I require a car spring to take a corner weight of 571kg and compress the spring to 242mm at rest. I also need it to compress a further 35mm to 207mm by dropping the vehicle 100mm (ie driving off a kerb). Therefore I need the force as it hits the ground to calculate the spring rate to compress it 35mm.
From this I need to then work out spring free length and number of active coils; the 2 variables as I see it.
I do not know strength of steel normally used but do know the internal spring diameter is 75mm and the maximum wire diameter can be 15.5mm.

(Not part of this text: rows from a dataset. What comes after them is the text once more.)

lemma root_of_unity_power_coprime_root:
  fixes P :: "int poly" and x :: "'a :: field_char_0"
  assumes "x ^ n = 1" and "poly (of_int_poly P) x = 0" and "coprime t n"
  shows "poly (of_int_poly P) (x ^ t) = 0"
  using assms(3)
proof (induct t rule: less_induct)
  case (less t)
  show ?case
  proof (cases "t \<le> 1")
    case True
    then consider "t = 0" | "t = 1" by linarith
    then show ?thesis
    proof cases
      case 1
      with less.prems have "n = 1" by simp
      with assms(1,2) 1 show ?thesis by simp
    qed (use assms(2) in simp)
  next
    case False
    then obtain r t' where r: "prime r" and t: "t = r * t'"
      by (metis dvdE not_le prime_factor_nat nat_neq_iff)
    have "t' > 0" using False t by (cases t') auto
    moreover have "t' < t" using \<open>t' > 0\<close> prime_gt_1_nat[OF r] by (simp add: t)
    moreover have "coprime t' n"
      using less.prems t by simp
    ultimately have "poly (of_int_poly P) (x ^ t') = 0"
      using less.hyps by blast
    moreover have "(x ^ t') ^ n = 1"
      using assms(1) by (metis mult.commute power_mult power_one)
    moreover have "\<not> r dvd n"
      using less.prems r t by (metis coprime_common_divisor dvd_triv_left not_prime_unit coprime_iff_coprime)
    ultimately have "poly (of_int_poly P) ((x ^ t') ^ r) = 0"
      using root_of_unity_power_prime_root[OF r] by blast
    then show ?thesis
      by (simp add: t mult.commute flip: power_mult)
  qed
qed

definition unity_root :: "nat \<Rightarrow> int \<Rightarrow> complex" where
  "unity_root n k = cis (2 * pi * of_int k / of_nat n)"

lemma unity_root_add: "unity_root n (a + b) = unity_root n a * unity_root n b"
  unfolding unity_root_def cis_mult by (simp add: add_divide_distrib distrib_left)

lemma unity_root_power: "unity_root n a ^ k = unity_root n (int k * a)"
  unfolding unity_root_def by (subst Complex.DeMoivre) (simp add: mult_ac)

lemma unity_root_eq_1_iff:
  assumes "n > 0"
  shows "unity_root n k = 1 \<longleftrightarrow> int n dvd k"
proof -
  have "unity_root n k = 1 \<longleftrightarrow> (\<exists>m::int. 2 * pi * of_int k / of_nat n = of_int (2 * m) * pi)"
    by (simp add: unity_root_def cis_conv_exp exp_eq_1)
  also have "\<dots> \<longleftrightarrow> (\<exists>m::int. real_of_int k = real_of_int (int n * m))"
    using assms by (intro ex_cong1) (auto simp: field_simps)
  also have "\<dots> \<longleftrightarrow> int n dvd k"
    by (auto simp: dvd_def simp del: of_int_mult)
  finally show ?thesis .
qed

lemma unity_root_cong:
  assumes "n > 0" and "[a = b] (mod int n)"
  shows "unity_root n a = unity_root n b"
proof -
  have "unity_root n (a - b) = 1"
    using assms by (simp add: unity_root_eq_1_iff cong_iff_dvd_diff)
  then show ?thesis
    using unity_root_add[of n b "a - b"] by simp
qed

lemma sum_unity_root_galois:
  assumes "n > 0" and "coprime t (int n)" and "(\<Sum>s\<in>S. unity_root n (e s)) = 0"
  shows "(\<Sum>s\<in>S. unity_root n (t * e s)) = 0"
proof -
  define P :: "int poly" where "P = (\<Sum>s\<in>S. monom 1 (nat (e s mod int n)))"
  have P_eval: "poly (of_int_poly P) (unity_root n 1 ^ k) = (\<Sum>s\<in>S. unity_root n (int k * e s))" for k
    unfolding P_def
  proof (simp add: hom_distribs poly_monom, intro sum.cong refl)
    fix s
    have "[int k * (e s mod int n) = int k * e s] (mod int n)"
      by (simp add: cong_def mod_mult_right_eq)
    then show "(unity_root n 1 ^ k) ^ nat (e s mod int n) = unity_root n (int k * e s)"
      using assms(1) by (simp add: unity_root_power unity_root_cong mult.commute)
  qed
  define t' where "t' = nat (t mod int n)"
  have t': "int t' = t mod int n"
    using assms(1) by (simp add: t'_def)
  then have "coprime t' n"
    using assms(1,2) by (metis coprime_int_iff coprime_mod_left_iff coprime_iff_coprime of_nat_0_less_iff less_irrefl)
  moreover have "unity_root n 1 ^ n = 1"
    using assms(1) by (simp add: unity_root_power unity_root_eq_1_iff)
  moreover have "poly (of_int_poly P) (unity_root n 1) = 0"
    using P_eval[of 1] assms(3) by simp
  ultimately have "poly (of_int_poly P) (unity_root n 1 ^ t') = 0"
    by (intro root_of_unity_power_coprime_root)
  moreover have "unity_root n (int t' * e s) = unity_root n (t * e s)" for s
    using assms(1) by (intro unity_root_cong cong_scalar_right) (simp_all add: t' cong_def)
  ultimately show ?thesis
    using P_eval[of t'] by simp
qed

lemma sum_unity_root_multiples:
  assumes "n > 0"
  shows "(\<Sum>k\<in>{0..<int n}. unity_root n (k * c)) = (if int n dvd c then of_nat n else 0)"
proof -
  have "{0..<int n} = int ` {..<n}"
    by (simp add: image_int_atLeastLessThan lessThan_atLeast0)
  then have "(\<Sum>k\<in>{0..<int n}. unity_root n (k * c)) = (\<Sum>k<n. unity_root n c ^ k)"
    by (simp add: sum.reindex unity_root_power)
  also have "\<dots> = (if int n dvd c then of_nat n else 0)"
  proof (cases "int n dvd c")
    case False
    moreover have "unity_root n c ^ n = 1"
      using assms by (simp add: unity_root_power unity_root_eq_1_iff)
    ultimately show ?thesis
      using assms by (simp add: sum_gp_strict unity_root_eq_1_iff)
  next
    case True
    with assms have "unity_root n c = 1" by (simp add: unity_root_eq_1_iff)
    with True show ?thesis by simp
  qed
  finally show ?thesis .
qed


section \<open>Characters of \<open>\<int>\<^sub>p\<^sup>2 \<times> \<int>\<^sub>q\<^sup>2\<close>\<close>

lemma cong_weighted_sum_mod_mult:
  fixes x x' y y' :: int
  assumes "[x = x'] (mod p)" and "[y = y'] (mod q)"
  shows "[q * x + p * y = q * x' + p * y'] (mod p * q)"
proof -
  have "p * q dvd q * (x - x')" and "p * q dvd p * (y - y')"
    using assms by (auto simp: cong_iff_dvd_diff mult.commute[of p q] intro: mult_dvd_mono)
  then show ?thesis
    unfolding cong_iff_dvd_diff by (metis dvd_add right_diff_distrib add_diff_add)
qed

lemma dot2_cong:
  assumes "[fst u = fst u'] (mod m)" and "[snd u = snd u'] (mod m)"
  shows "[dot2 u g = dot2 u' g] (mod m)"
  unfolding dot2_def using assms by (intro cong_add cong_mult) simp_all

lemma chi_eq_unity_root:
  assumes "p > 0" and "q > 0"
  shows "chi p q w g = unity_root (p * q) (int q * dot2 (fst w) (fst g) + int p * dot2 (snd w) (snd g))"
proof -
  define a b where "a = dot2 (fst w) (fst g)" and "b = dot2 (snd w) (snd g)"
  have "real_of_int (int q * a + int p * b) / real (p * q) = real_of_int a / real p + real_of_int b / real q"
    using assms by (simp add: add_divide_distrib)
  then have "2 * pi * of_int (int q * a + int p * b) / of_nat (p * q)
      = 2 * pi * (real_of_int a / real p + real_of_int b / real q)"
    by (simp add: mult.assoc times_divide_eq_right[symmetric])
  then show ?thesis
    unfolding chi_def unity_root_def a_def[symmetric] b_def[symmetric]
    by (rule sym[OF arg_cong[where f = cis]])
qed

lemma chiS_cong:
  assumes "p > 0" and "q > 0"
    and "[fst u = fst u'] (mod int p)" and "[snd u = snd u'] (mod int p)"
    and "[fst v = fst v'] (mod int q)" and "[snd v = snd v'] (mod int q)"
  shows "chiS p q (u, v) S = chiS p q (u', v') S"
proof -
  have "[int q * dot2 u a + int p * dot2 v b = int q * dot2 u' a + int p * dot2 v' b] (mod int (p * q))"
    for a b
    unfolding of_nat_mult using assms(3-) by (intro cong_weighted_sum_mod_mult dot2_cong)
  then show ?thesis
    unfolding chiS_def chi_eq_unity_root[OF assms(1,2)] using assms(1,2)
    by (intro sum.cong refl unity_root_cong) simp_all
qed

lemma chiS_scale_zero:
  assumes "p > 0" and "q > 0" and "coprime T (int (p * q))" and "chiS p q (u, v) S = 0"
  shows "chiS p q ((T * fst u, T * snd u), (T * fst v, T * snd v)) S = 0"
proof -
  have "chiS p q ((T * fst u, T * snd u), (T * fst v, T * snd v)) S
      = (\<Sum>s\<in>S. unity_root (p * q) (T * (int q * dot2 u (fst s) + int p * dot2 v (snd s))))"
    unfolding chiS_def chi_eq_unity_root[OF assms(1,2)]
    by (intro sum.cong refl arg_cong[where f = "unity_root (p * q)"]) (simp add: dot2_def algebra_simps)
  also have "\<dots> = 0"
    using assms by (intro sum_unity_root_galois) (simp_all add: chiS_def chi_eq_unity_root)
  finally show ?thesis .
qed

lemma chiS_galois:
  assumes "prime p" and "prime q" and "p \<noteq> q"
    and "coprime s (int p)" and "coprime t (int q)" and "chiS p q (u, v) S = 0"
  shows "chiS p q ((s * fst u, s * snd u), (t * fst v, t * snd v)) S = 0"
proof -
  have "p > 0" and "q > 0" using assms(1,2) by (simp_all add: prime_gt_0_nat)
  obtain T where T: "[T = s] (mod int p)" "[T = t] (mod int q)"
    using binary_chinese_remainder_int[of "int p" "int q" s t] assms(1-3)
    by (auto simp: primes_coprime)
  have "coprime T (int p)"
    using cong_imp_coprime[OF cong_sym[OF T(1)]] assms(4) by (simp only: coprime_iff_coprime)
  moreover have "coprime T (int q)"
    using cong_imp_coprime[OF cong_sym[OF T(2)]] assms(5) by (simp only: coprime_iff_coprime)
  ultimately have "coprime T (int (p * q))"
    by (simp only: of_nat_mult coprime_iff_coprime coprime_mult_right_iff)
  with \<open>p > 0\<close> \<open>q > 0\<close> assms(6)
  have "chiS p q ((T * fst u, T * snd u), (T * fst v, T * snd v)) S = 0"
    by (intro chiS_scale_zero)
  moreover have "chiS p q ((T * fst u, T * snd u), (T * fst v, T * snd v)) S
      = chiS p q ((s * fst u, s * snd u), (t * fst v, t * snd v)) S"
    using \<open>p > 0\<close> \<open>q > 0\<close>
    by (rule chiS_cong) (simp_all add: cong_scalar_right[OF T(1)] cong_scalar_right[OF T(2)])
  ultimately show ?thesis by simp
qed
lemma c_K: "i \<in> {1..n} \<Longrightarrow> j \<in> {1..n} \<Longrightarrow> c i j \<in> K"
  by (simp add: c_def commutator_in_K)

lemma c_sym: "i \<in> {1..n} \<Longrightarrow> j \<in> {1..n} \<Longrightarrow> c j i = c i j"
  using inv_commutator[of "g i" "g j"] inv_K[OF c_K] by (simp add: c_def)

lemma c_self: "i \<in> {1..n} \<Longrightarrow> c i i = \<one>"
  using g_square by (simp add: c_def commutator_def)

lemma \<sigma>_c: "i \<in> {1..n} \<Longrightarrow> j \<in> {1..n} \<Longrightarrow> \<sigma> i (c i j) = c i j"
proof -
  assume ij: "i \<in> {1..n}" "j \<in> {1..n}"
  then have "\<sigma> i (c i j) = c j i"
    using g_square[of i] by (simp add: \<sigma>_def c_def commutator_def m_assoc flip: m_assoc[of "g i" "g i"])
  then show ?thesis using c_sym ij by simp
qed

lemma D_c_left: "i \<in> {1..n} \<Longrightarrow> j \<in> {1..n} \<Longrightarrow> D i (c i j) = \<one>"
  by (simp add: D_eq c_K \<sigma>_c K_square)

lemma D_c_right: "i \<in> {1..n} \<Longrightarrow> j \<in> {1..n} \<Longrightarrow> D j (c i j) = \<one>"
  using D_c_left c_sym by metis

lemma square_g_mult: "i \<in> {1..n} \<Longrightarrow> y \<in> carrier G \<Longrightarrow>
  (g i \<otimes> y) \<otimes> (g i \<otimes> y) = commutator G (g i) y \<otimes> (y \<otimes> y)"
  by (simp add: commutator_def m_assoc)

lemma square_g_g_g:
  assumes i: "i \<in> {1..n}" and j: "j \<in> {1..n}" and k: "k \<in> {1..n}"
  shows "(g i \<otimes> (g j \<otimes> g k)) \<otimes> (g i \<otimes> (g j \<otimes> g k)) = c i j \<otimes> \<sigma> j (c i k) \<otimes> c j k"
proof -
  have "(g j \<otimes> g k) \<otimes> (g j \<otimes> g k) = c j k"
    using square_g_mult[OF j, of "g k"] j k g_square by (simp add: c_def)
  then show ?thesis
    using i j k by (simp add: square_g_mult commutator_mult_right c_def \<sigma>_def)
qed

text \<open>The Jacobi identity, obtained by computing the square of g i g j g k in two ways.\<close>
lemma jacobi:
  assumes i: "i \<in> {1..n}" and j: "j \<in> {1..n}" and k: "k \<in> {1..n}"
  shows "D k (c i j) = D j (c i k) \<otimes> D i (c j k)"
proof -
  have cK: "c i j \<in> K" "c i k \<in> K" "c j k \<in> K" using i j k by (simp_all add: c_K)
  have D_cK: "D j (c i k) \<in> K" "D i (c j k) \<in> K" "D k (c i j) \<in> K"
    using i j k cK by (simp_all add: D_K K_closed)
  define L where "L = c i j \<otimes> (D j (c i k) \<otimes> c i k) \<otimes> c j k"
  define R where "R = (D i (c j k) \<otimes> c j k) \<otimes> (D k (c i j) \<otimes> c i j) \<otimes> c i k"
  have "L = (g i \<otimes> (g j \<otimes> g k)) \<otimes> (g i \<otimes> (g j \<otimes> g k))"
    using square_g_g_g[OF i j k] j cK by (simp add: L_def \<sigma>_eq)
  also have "g i \<otimes> (g j \<otimes> g k) = \<sigma> i (g j \<otimes> (g k \<otimes> g i))"
    using i j k g_square[OF i] by (simp add: \<sigma>_def m_assoc)
  also have "\<sigma> i (g j \<otimes> (g k \<otimes> g i)) \<otimes> \<sigma> i (g j \<otimes> (g k \<otimes> g i))
      = \<sigma> i (c j k \<otimes> \<sigma> k (c j i) \<otimes> c k i)"
    using i j k by (simp add: square_g_g_g \<sigma>_mult flip: \<sigma>_mult)
  also have "\<dots> = \<sigma> i (c j k) \<otimes> \<sigma> k (\<sigma> i (c i j)) \<otimes> \<sigma> i (c i k)"
    using i j k cK \<sigma>_K[OF k cK(1)]
    by (simp add: c_sym[of i j] c_sym[of i k] \<sigma>_mult K_closed \<sigma>_commute[of i k])
  also have "\<dots> = \<sigma> i (c j k) \<otimes> \<sigma> k (c i j) \<otimes> c i k"
    using i j k by (simp add: \<sigma>_c)
  also have "\<dots> = R"
    using i j k cK by (simp add: R_def \<sigma>_eq)
  finally have "L = R" .
  have LR: "L \<in> K" "R \<in> K" using cK D_cK by (simp_all add: L_def R_def K_mult)
  have "D k (c i j) = D k (c i j) \<otimes> (R \<otimes> R)" using LR D_cK by (simp add: K_square K_closed)
  also have "\<dots> = D k (c i j) \<otimes> (L \<otimes> R)" using \<open>L = R\<close> by simp
  also have "\<dots> = D j (c i k) \<otimes> D i (c j k)"
    unfolding L_def R_def using cK D_cK by (simp add: m_assoc K_comm K_lcomm K_square K_mult K_closed)
  finally show ?thesis .
qed

text \<open>
  c_gens generates the submodule spanned by the c i j, and aug_gens m generates I^m K, where
  I = (x_1, ..., x_n) is the augmentation ideal. Since K = \<langle>c_gens\<rangle> + I K and
  I^(n+1) = 0, a Nakayama argument shows that c_gens alone generates K.
\<close>

definition c_gens :: "'a set" where
  "c_gens = {D_word w (c i j) | w i j. w \<in> lists {1..n} \<and> i \<in> {1..n} \<and> j \<in> {1..n}}"

definition aug_gens :: "nat \<Rightarrow> 'a set" where
  "aug_gens m = {D_word w x | w x. w \<in> lists {1..n} \<and> m \<le> length w \<and> x \<in> K}"

lemma c_gens_K: "c_gens \<subseteq> K"
  unfolding c_gens_def using D_word_K c_K by blast

lemma aug_gens_K: "aug_gens m \<subseteq> K"
  unfolding aug_gens_def using D_word_K by blast

lemma D_word_c_gens: "w \<in> lists {1..n} \<Longrightarrow> D_word w ` c_gens \<subseteq> c_gens"
  unfolding c_gens_def by (force simp flip: D_word_append)

lemma D_word_aug_gens: "w \<in> lists {1..n} \<Longrightarrow> D_word w ` aug_gens m \<subseteq> aug_gens (length w + m)"
  unfolding aug_gens_def by (force simp flip: D_word_append)

lemma aug_gens_antimono: "m \<le> m' \<Longrightarrow> aug_gens m' \<subseteq> aug_gens m"
  unfolding aug_gens_def using le_trans by blast

lemma c_in_c_gens: "i \<in> {1..n} \<Longrightarrow> j \<in> {1..n} \<Longrightarrow> c i j \<in> c_gens"
  unfolding c_gens_def by (intro CollectI exI[of _ "[]"] exI[of _ i] exI[of _ j]) simp

lemma D_in_aug_gens: "i \<in> {1..n} \<Longrightarrow> x \<in> K \<Longrightarrow> D i x \<in> aug_gens 1"
  unfolding aug_gens_def by (intro CollectI exI[of _ "[i]"] exI[of _ x]) simp

lemma generate_c_gens_aug_gens_normal: "generate G (c_gens \<union> aug_gens 1) \<lhd> G"
proof (rule normal_if_D_closed)
  let ?N = "generate G (c_gens \<union> aug_gens 1)"
  have gens: "c_gens \<union> aug_gens 1 \<subseteq> K" using c_gens_K aug_gens_K by blast
  show "subgroup ?N G" using gens K_closed by (intro generate_is_subgroup) auto
  show "?N \<subseteq> K" by (rule generate_subgroup_incl[OF gens K_subgroup])
  fix i x assume i: "i \<in> {1..n}" and x: "x \<in> ?N"
  have "D_word [i] ` (c_gens \<union> aug_gens 1) \<subseteq> c_gens \<union> aug_gens 1"
    using i D_word_c_gens[of "[i]"] D_word_aug_gens[of "[i]" 1] aug_gens_antimono[of 1 "length [i] + 1"]
    by auto
  moreover have "D_word [i] x \<in> generate G (D_word [i] ` (c_gens \<union> aug_gens 1))"
    using i by (intro D_word_generate[OF _ gens x]) simp
  ultimately have "D_word [i] x \<in> ?N" using mono_generate by blast
  then show "D i x \<in> ?N" by simp
qed

lemma K_subset_generate_c_gens_aug_gens: "K \<subseteq> generate G (c_gens \<union> aug_gens 1)"
proof -
  let ?N = "generate G (c_gens \<union> aug_gens 1)"
  have "comm_subgroup G (carrier G) (carrier G) \<subseteq> ?N"
  proof (rule comm_subgroup_carrier_subset_normal[OF generate_c_gens_aug_gens_normal _
        generate_g_K_eq_carrier])
    show "g ` {1..n} \<union> K \<subseteq> carrier G" using K_closed by auto
    fix s t assume "s \<in> g ` {1..n} \<union> K" "t \<in> g ` {1..n} \<union> K"
    then consider (gg) i j where "i \<in> {1..n}" "j \<in> {1..n}" "s = g i" "t = g j"
      | (gK) i where "i \<in> {1..n}" "s = g i" "t \<in> K"
      | (Kg) j where "j \<in> {1..n}" "s \<in> K" "t = g j"
      | (KK) "s \<in> K" "t \<in> K"
      by blast
    then show "commutator G s t \<in> ?N"
    proof cases
      case gg then show ?thesis using c_in_c_gens[of i j] by (auto simp: c_def intro: generate.incl)
    next
      case gK then show ?thesis using D_in_aug_gens[of i t] by (auto simp: D_def intro: generate.incl)
    next
      case Kg then show ?thesis using D_in_aug_gens[of j s] by (auto simp: commutator_K_g intro: generate.incl)
    next
      case KK then show ?thesis by (simp add: commutator_K_K generate.one)
    qed
  qed
  then show ?thesis by (simp add: comm_subgroup_carrier)
qed

lemma aug_gens_subset_generate: "aug_gens m \<subseteq> generate G (c_gens \<union> aug_gens (Suc m))"
proof
  fix y assume "y \<in> aug_gens m"
  then obtain w x where w: "w \<in> lists {1..n}" "m \<le> length w" and x: "x \<in> K" and y: "y = D_word w x"
    by (auto simp: aug_gens_def)
  have "D_word w ` (c_gens \<union> aug_gens 1) \<subseteq> c_gens \<union> aug_gens (Suc m)"
    using D_word_c_gens[OF w(1)] D_word_aug_gens[OF w(1), of 1] aug_gens_antimono[of "Suc m" "length w + 1"] w(2)
    by auto
  then show "y \<in> generate G (c_gens \<union> aug_gens (Suc m))"
    using D_word_generate[OF w(1) _ K_subset_generate_c_gens_aug_gens[THEN subsetD, OF x]] c_gens_K aug_gens_K
      mono_generate y by blast
qed

lemma K_subset_generate_c_gens: "K \<subseteq> generate G c_gens"
proof -
  have gens_closed: "c_gens \<union> aug_gens m \<subseteq> carrier G" for m using c_gens_K aug_gens_K K_closed by blast
  have "K \<subseteq> generate G (c_gens \<union> aug_gens m)" for m
  proof (induction m)
    case 0
    have "x \<in> aug_gens 0" if "x \<in> K" for x
      unfolding aug_gens_def using that D_word_Nil[of x, symmetric] lists.Nil by blast
    then have "K \<subseteq> aug_gens 0" by blast
    then show ?case by (auto intro: generate.incl)
  next
    case (Suc m)
    have "c_gens \<union> aug_gens m \<subseteq> generate G (c_gens \<union> aug_gens (Suc m))"
      using aug_gens_subset_generate by (auto intro: generate.incl)
    then have "generate G (c_gens \<union> aug_gens m) \<subseteq> generate G (c_gens \<union> aug_gens (Suc m))"
      using gens_closed by (intro generate_subgroup_incl generate_is_subgroup)
    then show ?case using Suc.IH by blast
  qed
  moreover have "aug_gens (Suc n) \<subseteq> {\<one>}" by (auto simp: aug_gens_def intro!: D_word_long)
  then have "generate G (c_gens \<union> aug_gens (Suc n)) \<subseteq> generate G c_gens"
    using c_gens_K K_closed
    by (intro generate_subgroup_incl generate_is_subgroup) (auto intro: generate.incl generate.one)
  ultimately show ?thesis by blast
qed

text \<open>
  The Jacobi identity lets one always move the least index of a monomial into the commutator,
  so these elements already generate K.
\<close>

definition basis_index :: "(nat set \<times> nat) set" where "basis_index = (SIGMA T:Pow {1..n}. T - {Min T})"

(My initial calcs show a spring rate of 536lb/in with a spring free length of 331mm and 8 active coils. But this may be completely wrong).
Had a good thought about your problem for almost a day now. Very interesting problem!
The hardest part is finding the spring rate. Then again, it depends how you model it. I don't see why you can't use work-energy principles. Anyhow, the most accurate way, in my opinion, is by using knowledge of free-underdamped oscillations. Number-crunching too intense - I don't have time (and rusty memory too) to do that sorry. But I'll outline what I would do.
When an equilibrium system is disturbed it must subsequently go through vibrations.
The instant when the car drops down from the kerb the spring is extended by 100m which in turn decreases the compression and this makes the car drop down into it as the forces (mg and kx) no longer equate to each other. The car does not free-fall since the spring would still be compressed.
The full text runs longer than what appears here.